Figure 5 Expression of Arabidopsis thaliana UDP-glucosyltransferase AtUGT73C6 confers radicicol (RAD) resistance to yeast strain YZGA515. Spotting of YZGA515 transformants (three serial 10−1 dilutions) expressing either AtUGT73C6 (upper row) or containing the empty vector. Synthetic complete medium without leucine (SC-LEU) plates without added RAD (left) or with 40 mg/L RAD.
Figure 6 High-performance liquid chromatographic–tandem mass spectrometric (HPLC–MS/MS) determination of RAD and radicicol-glucoside (RADGlc expressing UGT73C6 treated with RAD. (A) HPLC–MS/MS analysis in selective reaction monitoring mode of a culture filtrate of yeast. (B) Enhanced product ion (EPI) MS/MS spectrum of RAD at 30 eV collision energy; the inlay shows the MS spectrum of the deprotonated ions. (C) EPI MS/MS spectrum of RADGlc at 50 eV collision energy; the inlay shows the MS spectrum of the deprotonated ions.
Since AtUGT73C6 produced exclusively ZEN-14-O-glucoside (Poppenberger et al., 2006), we presume RAD was glucosylated at the analogous position. The freshly prepared RAD-glucoside (97% purity) was used to test the activity as an HSP90 inhibitor with recombinant ScHsp82 protein. We observed no inhibitory activity even at the highest tested concentration of 15 µM, demonstrating that glycosylation of RAD abolishes its activity as an HSP90 ATPase inhibitor. Due to the observed instability of the RAD-glucoside, its stability under assay conditions was evaluated by LC–MS/MS quantification before and after the incubation period. This showed no significant (p = 0.21) change in RAD-glucoside concentrations. Likewise, we found all glucosides of ZEN, αZEL, and βZEL stable under identical conditions, with recoveries of > 88%, p > 0.05, in each case.
While ZEN was clearly inhibitory to AtHSP90.1 (Figure 4A), ZEN14G was inactive (p = 0.75, 100 µM). Likewise, both ZEN14G and ZEN16G did not cause activity reduction of TaHSP90-2 (Figure 4B, p > 0.1). The results of inhibition tests with the recombinant wheat TaHSP90-2 are displayed inFigures 4C, D, showing that the 14- and 16-glucosides of both α- and βZEL were inactive as inhibitors and did not cause significant activity reduction. We therefore conclude that glycosylation is an effective detoxification mechanism with respect to the target HSP90.
In contrast to the mycotoxin and known virulence factor deoxynivalenol (DON), ZEN is formed only late during the infection process. For wheat, cool and rainy weather delaying harvest is a main factor for ZEN contamination that exceeds maximum tolerated levels (Edwards, 2011). Lack of late season moisture typically leads to low ZEN levels even when Fusarium head blight severity and DON contamination are high (Kharbikar et al., 2015). Also in corn, where ZEN contamination is more frequent and widespread than in small grain cereals, ZEN accumulates much later than DON during infection of corn cobs (Oldenburg and Ellner, 2015). A recent study employing multiple corn inbred lines revealed clear differences between wild-type and ZEN-deficient Fusarium knockout mutants in the employed stalk rot assays with some corn cultivars but not with others (Quesada-Ocampo et al., 2016). The disease symptoms were reduced by about 40%, and also, DON levels were significantly reduced in the stem sections of certain cultivars infected with the ZEN-deficient knockout mutants. In one sweet corn cultivar, the reduction of virulence of the ZEN-deficient mutant was even larger than that observed for a tri5 mutant unable to produce DON. This study suggests that ZEN may have a role in virulence after all, but that corn genotypes may differ in their sensitivity to ZEN.

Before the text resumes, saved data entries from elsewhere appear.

(* Let $t$ be a probabilistic process term of $P_{\mathrm{PA}}$ and let $\sigma_1,\sigma_2$ be closed substitutions such that $\mathbf d(\sigma_1(x),\sigma_2(x))<1$ for every state variable $x$. Then \[ \mathbf d(\sigma_1(t),\sigma_2(t))\le \mathrm{pda}\bigl(\llbracket t\rrbracket_{\mathcal P},\mathbf d(\sigma_1,\sigma_2)\bigr). \]
   Context: Probabilistic transition systems and bisimilarity metric. A signature $\Sigma$ is a countable set of operators $f$, each with an arity $r(f)\in\mathbb N$. Fix disjoint countably infinite sets $\mathcal V_s$ of state variables and $\mathcal V_d$ of distribution variables; $\mathcal V=\mathcal V_s\cup\mathcal V_d$. Open (state) terms are built from state variables and operators; closed terms (processes) $T(\Sigma)$ contain no variables. $\Delta(T(\Sigma))$ is the set of discrete probability distributions on $T(\Sigma)$, $\delta_t$ is the Dirac distribution at $t$, and for distributions $\pi_1,\dots,\pi_{r(f)}$, $f(\pi_1,\dots,\pi_{r(f)})$ is the distribution assigning $f(t_1,\dots,t_{r(f)})$ probability $\prod_i\pi_i(t_i)$. Distribution terms are: distribution variables $\mu$, $\delta(t)$ for state terms $t$, convex combinations $\sum_{i\in I}q_i\theta_i$ ($q_i\in(0,1]$, $\sum q_i=1$), and $f(\theta_1,\dots,\theta_{r(f)})$. A closed substitution $\sigma$ maps state variables to closed terms and distribution variables to distributions; it extends homomorphically to state terms and to distribution terms via $\sigma(\delta(t))=\delta_{\sigma(t)}$, $\sigma(\sum q_i\theta_i)=\sum q_i\sigma(\theta_i)$, $\sigma(f(\theta_1,\dots))=f(\sigma(\theta_1),\dots)$. A PTS is $(T(\Sigma),A,\to)$ with $A$ a countable set of actions and $\to\subseteq T(\Sigma)\times A\times\Delta(T(\Sigma))$; write $t\xrightarrow{a}\pi$, and $\mathit{der}(t,a)=\{\pi\mid t\xrightarrow a\pi\}$. A PGSOS rule has the form $\dfrac{\{x_i\xrightarrow{a_{i,m}}\mu_{i,m}\mid i\in I,m\in M_i\}\ \ \{x_i\not\xrightarrow{b_{i,n}}\mid i\in I,n\in N_i\}}{f(x_1,\dots,x_{r(f)})\xrightarrow{a}\theta}$ with $I=\{1,\dots,r(f)\}$, finite $M_i,N_i$, pairwise distinct $x_i\in\mathcal V_s$, pairwise distinct $\mu_{i,m}\in\mathcal V_d$, and $\theta$ a distribution term whose variables are among the $x_i$ and $\mu_{i,m}$. A PTSS $(\Sigma,A,R)$ with $R$ a countable set of PGSOS rules determines a unique supported model: $t\xrightarrow a\pi$ iff for some rule and closed substitution $\sigma$, $\sigma(x_i)\xrightarrow{a_{i,m}}\sigma(\mu_{i,m})$ for all positive premises, $\sigma(x_i)$ has no $b_{i,n}$-transition for all negative premises, $\sigma(f(x_1,\dots))=t$ and $\sigma(\theta)=\pi$. For $d:T(\Sigma)\times T(\Sigma)\to[0,1]$, the Kantorovich lifting is $K(d)(\pi,\pi')=\min_{\omega}\sum_{t,t'}d(t,t')\omega(t,t')$ over couplings $\omega$ of $\pi,\pi'$; the Hausdorff lifting is $H(\hat d)(\Pi_1,\Pi_2)=\max\{\sup_{\pi_1\in\Pi_1}\inf_{\pi_2\in\Pi_2}\hat d(\pi_1,\pi_2),\sup_{\pi_2\in\Pi_2}\inf_{\pi_1\in\Pi_1}\hat d(\pi_2,\pi_1)\}$ with $\inf\emptyset=1$, $\sup\emptyset=0$. Let $B(d)(t,t')=\sup_{a\in A}H(K(d))(\mathit{der}(t,a),\mathit{der}(t',a))$. The bisimilarity metric $\mathbf d$ is the least fixed point of $B$ on $[0,1]^{T(\Sigma)\times T(\Sigma)}$ ordered pointwise. The process algebra $P_{\mathrm{PA}}$: operators are the constant $0$, for each $a\in A$, $n\ge1$, $q_1,\dots,q_n\in(0,1]$ with $\sum q_i=1$ the $n$-ary prefix $a.\bigoplus_{i=1}^n[q_i]\_$ (written $a.\_$ when $n=1$), binary $+$, and binary $\|_B$ for each $B\subseteq A$ ($\|$ denotes $\|_A$). Rules: $a.\bigoplus_{i}[q_i]x_i\xrightarrow a\sum_i q_i\delta(x_i)$; from $x_1\xrightarrow a\mu_1$ infer $x_1+x_2\xrightarrow a\mu_1$; from $x_2\xrightarrow a\mu_2$ infer $x_1+x_2\xrightarrow a\mu_2$; for $a\in B$ from $x_1\xrightarrow a\mu_1$, $x_2\xrightarrow a\mu_2$ infer $x_1\|_Bx_2\xrightarrow a\mu_1\|_B\mu_2$; for $a\notin B$ from $x_1\xrightarrow a\mu_1$ infer $x_1\|_Bx_2\xrightarrow a\mu_1\|_B\delta(x_2)$ and from $x_2\xrightarrow a\mu_2$ infer $x_1\|_Bx_2\xrightarrow a\delta(x_1)\|_B\mu_2$. Probabilistic process terms are the open terms built only from $0$, state variables, prefixes $a.\bigoplus_{i=1}^n[q_i]\_$ and $\|$. Multiplicities: $\mathcal M$ is the set of maps $m:\mathcal V\to\mathbb N\cup\{\infty\}$; $0$ is the zero map and $1_x$ maps $x$ to $1$ and other variables to $0$. $\mathcal P$ is the set of discrete probability distributions on $\mathcal M$. For probabilistic terms: $\llbracket0\rrbracket_{\mathcal P}=\delta_0$, $\llbracket x\rrbracket_{\mathcal P}=\delta_{1_x}$, $\llbracket t_1\|t_2\rrbracket_{\mathcal P}(m)=\sum\{\llbracket t_1\rrbracket_{\mathcal P}(m_1)\llbracket t_2\rrbracket_{\mathcal P}(m_2)\mid m_1,m_2\in\mathcal M,\ m(x)=m_1(x)+m_2(x)\ \forall x\}$, $\llbracket a.\bigoplus_{i=1}^n[q_i]t_i\rrbracket_{\mathcal P}=\sum_i q_i\llbracket t_i\rrbracket_{\mathcal P}$. $\mathcal E$ is the set of maps $e:\mathcal V\to[0,1)$. $\mathrm{dda}(m,e)=1-\prod_{x\in\mathcal V}(1-e(x))^{m(x)}$ (with $c^\infty=0$ for $0\le c<1$, $1^\infty=1$), and $\mathrm{pda}(p,e)=\sum_{m\in\mathcal M}p(m)\,\mathrm{dda}(m,e)$. For closed substitutions, $\mathbf d(\sigma_1,\sigma_2)\in\mathcal E$ is $x\mapsto\mathbf d(\sigma_1(x),\sigma_2(x))$. *)

theory Defs
  imports "HOL-Probability.Probability" "HOL-Library.Extended_Nat"
begin
theorem proposition2p5:
  fixes K :: "(real \<times> real) set"
  assumes "is_attractor K"
  shows "AE y in lebesgue. y \<in> {0..1} \<longrightarrow> (\<exists>a b. a < b \<and> {a..b} \<subseteq> fibre K y)"
proof -
  have "AE y in lborel. y \<in> {0..1} \<longrightarrow> (\<exists>a b. a < b \<and> {a..b} \<subseteq> fibre K y)"
    using AE_dense_zero_digits AE_lborel_singleton[of 1]
    by eventually_elim (auto intro: fibre_contains_interval[OF assms])
  then show ?thesis
    by (rule AE_completion)
qed

end
(* Let $(X,d,A)$ be a metric pair. A set $S\subset(\overline{D}_\infty(X,A),W_\infty)$ is totally bounded if and only if $S$ is uniformly upper finite and upper totally bounded. For $p\in[1,\infty)$, a set $S\subset(\overline{D}_p(X,A),W_p)$ is totally bounded if and only if $S$ is uniformly upper finite, upper totally bounded, and uniformly $p$-vanishing.
   Context: A metric on $X$ is a map $d:X\times X\to[0,\infty]$ with $d(x,x)=0$, symmetry and the triangle inequality (infinite distances allowed, $d(x,y)=0$ need not imply $x=y$); a metric pair $(X,d,A)$ is such a space with a closed subset $A$. Write $d(x,A)=\inf_{a\in A}d(x,a)$, $A^\delta=\{x:d(x,A)<\delta\}$ for $\delta\in(0,\infty]$. $\overline{D}(X,A)$ is the set of countable formal sums $\hat\alpha=\sum_{i\in I}x_i$ of points of $X\setminus A$ (repetitions allowed); $0$ the empty sum; $|\alpha|=|I|$; the support of $\alpha$ is the set of points appearing in $\hat\alpha$. A matching of $\hat\alpha=\sum_{i\in I}x_i$, $\hat\beta=\sum_{j\in J}y_j$ is a formal sum $\sum_{k\in K}(x_k,y_{\varphi(k)})+\sum_{i\in I\setminus K}(x_i,z_i)+\sum_{j\in J\setminus\varphi(K)}(w_j,y_j)$ with $K\subset I$, $\varphi$ injective, $z_i,w_j\in A$; its $p$-cost is the $\ell^p$ norm (sup norm if $p=\infty$) of the distances of paired points; $W_p$ is the infimum of $p$-costs. $u_\delta(\alpha)$, $\ell_\delta(\alpha)$ are the restrictions of $\hat\alpha$ to $X\setminus A^\delta$ and to $A^\delta\setminus A$. For $p<\infty$, $\overline{D}_p(X,A)=\{\alpha: |u_\infty(\alpha)|<\infty,\ W_p(\ell_\infty(\alpha),0)<\infty\}$; $\overline{D}_\infty(X,A)=\{\alpha:|u_\delta(\alpha)|<\infty\ \forall\delta>0\}$. A subset $T$ of a metric space is totally bounded if for each $\varepsilon>0$ there is a finite set $\{t_1,\dots,t_n\}\subset T$ with $T\subset\bigcup_i B_\varepsilon(t_i)$. For $S\subset\overline{D}(X,A)$: $S$ is uniformly upper finite if for every $\varepsilon>0$ there is $M_\varepsilon\ge0$ with $|u_\varepsilon(\alpha)|\le M_\varepsilon$ for all $\alpha\in S$; $S$ is upper totally bounded if for every $\varepsilon>0$ the set $u_\varepsilon(S)=\bigcup_{\alpha\in S}\mathrm{supp}(u_\varepsilon(\alpha))\subset X$ is totally bounded in $(X,d)$; $S$ is uniformly $p$-vanishing if for every $\varepsilon>0$ there is $\delta>0$ with $W_p(\ell_\delta(\alpha),0)<\varepsilon$ for all $\alpha\in S$. *)

theory Defs
  imports "HOL-Analysis.Analysis"
begin

definition ext_metric :: "('a \<Rightarrow> 'a \<Rightarrow> ennreal) \<Rightarrow> bool" where
  "ext_metric d \<longleftrightarrow> (\<forall>x. d x x = 0) \<and> (\<forall>x y. d x y = d y x)
      \<and> (\<forall>x y z. d x z \<le> d x y + d y z)"

definition setdist :: "('a \<Rightarrow> 'a \<Rightarrow> ennreal) \<Rightarrow> 'a \<Rightarrow> 'a set \<Rightarrow> ennreal" where
  "setdist d x A = (INF a\<in>A. d x a)"

definition d_closed :: "('a \<Rightarrow> 'a \<Rightarrow> ennreal) \<Rightarrow> 'a set \<Rightarrow> bool" where
  "d_closed d A \<longleftrightarrow> (\<forall>x. setdist d x A = 0 \<longrightarrow> x \<in> A)"

definition metric_pair :: "('a \<Rightarrow> 'a \<Rightarrow> ennreal) \<Rightarrow> 'a set \<Rightarrow> bool" where
  "metric_pair d A \<longleftrightarrow> ext_metric d \<and> d_closed d A"

definition nbhd :: "('a \<Rightarrow> 'a \<Rightarrow> ennreal) \<Rightarrow> 'a set \<Rightarrow> ennreal \<Rightarrow> 'a set" where
  "nbhd d A \<delta> = {x. setdist d x A < \<delta>}"

definition totally_bounded_wrt :: "('b \<Rightarrow> 'b \<Rightarrow> ennreal) \<Rightarrow> 'b set \<Rightarrow> bool" where
  "totally_bounded_wrt \<rho> T \<longleftrightarrow>
     (\<forall>\<epsilon>::real. \<epsilon> > 0 \<longrightarrow> (\<exists>F. finite F \<and> F \<subseteq> T \<and>
        T \<subseteq> (\<Union>t\<in>F. {s. \<rho> t s < ennreal \<epsilon>})))"

text \<open>A countable formal sum \<Sum>_{i\<in>I} x_i is represented by an index set I \<subseteq> nat
  (every countable index set can be reindexed into nat) together with x :: nat \<Rightarrow> 'a.\<close>
type_synonym 'a diag = "nat set \<times> (nat \<Rightarrow> 'a)"

definition diagrams :: "'a set \<Rightarrow> 'a diag set" where
  "diagrams A = {(I, x). \<forall>i\<in>I. x i \<notin> A}"

definition zero_diag :: "'a diag" where
  "zero_diag = ({}, (\<lambda>_. undefined))"

definition supp :: "'a diag \<Rightarrow> 'a set" where
  "supp \<alpha> = snd \<alpha> ` fst \<alpha>"

definition upper :: "('a \<Rightarrow> 'a \<Rightarrow> ennreal) \<Rightarrow> 'a set \<Rightarrow> ennreal \<Rightarrow> 'a diag \<Rightarrow> 'a diag" where
  "upper d A \<delta> \<alpha> = ({i\<in>fst \<alpha>. snd \<alpha> i \<notin> nbhd d A \<delta>}, snd \<alpha>)"

definition lower :: "('a \<Rightarrow> 'a \<Rightarrow> ennreal) \<Rightarrow> 'a set \<Rightarrow> ennreal \<Rightarrow> 'a diag \<Rightarrow> 'a diag" where
  "lower d A \<delta> \<alpha> = ({i\<in>fst \<alpha>. snd \<alpha> i \<in> nbhd d A \<delta> - A}, snd \<alpha>)"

In order to improve our understanding of Fusarium spp. mycotoxins and their role in plant disease, it is important to identify the mode of action and the molecular targets of these metabolites in planta. The transcriptome response of the model plant A. thaliana gave a first clue, revealing that AtHSP90.1 and several other small HSPs were rapidly and highly induced in response to ZEN treatment (Werner, 2005). Together with the structural similarity to RAD, this led to the hypothesis that ZEN targets HSP90. In this work, we could clearly demonstrate that ZEN and, even more so, its phase I metabolite ßZEL are inhibitors of ATPase of monocot and dicot plants and yeast HSP90 proteins. In A. thaliana (Berthiller et al., 2006), wheat (Rolli et al., 2018), and various yeasts (Böswald et al., 1995), ZEN is rapidly converted into the stronger HSP90 ATPase inhibitory ßZEL and, to a smaller extent, to the less active αZEL, so it matters which form is preferentially generated by the respective host. Since αZEL has much higher estrogenic activity than ZEN and ßZEL in animals, increasing the conversion of ZEN into αZEL would not be a useful Fusarium resistance breeding strategy, if ZEN is indeed a virulence factor. ZEN and ßZEL are much weaker inhibitors than the renowned compound RAD, but the concentrations needed for high-level inhibition in planta are clearly within reach (100 µM correspond to 31.8 mg/L). Some strains of Fusarium even produce gram amounts of ZEN per kilogram substrate in vitro. Naturally infected corn tissue with ZEN contamination levels exceeding 50 mg/kg were reported (di Menna et al., 1997), with local concentrations in infected areas most likely exceeding this by far. The ppm (mg/kg) levels found in Fusarium-infected plant material are in agreement with a possible selective advantage to inhibit a very abundant target with a prominent role in disease resistance.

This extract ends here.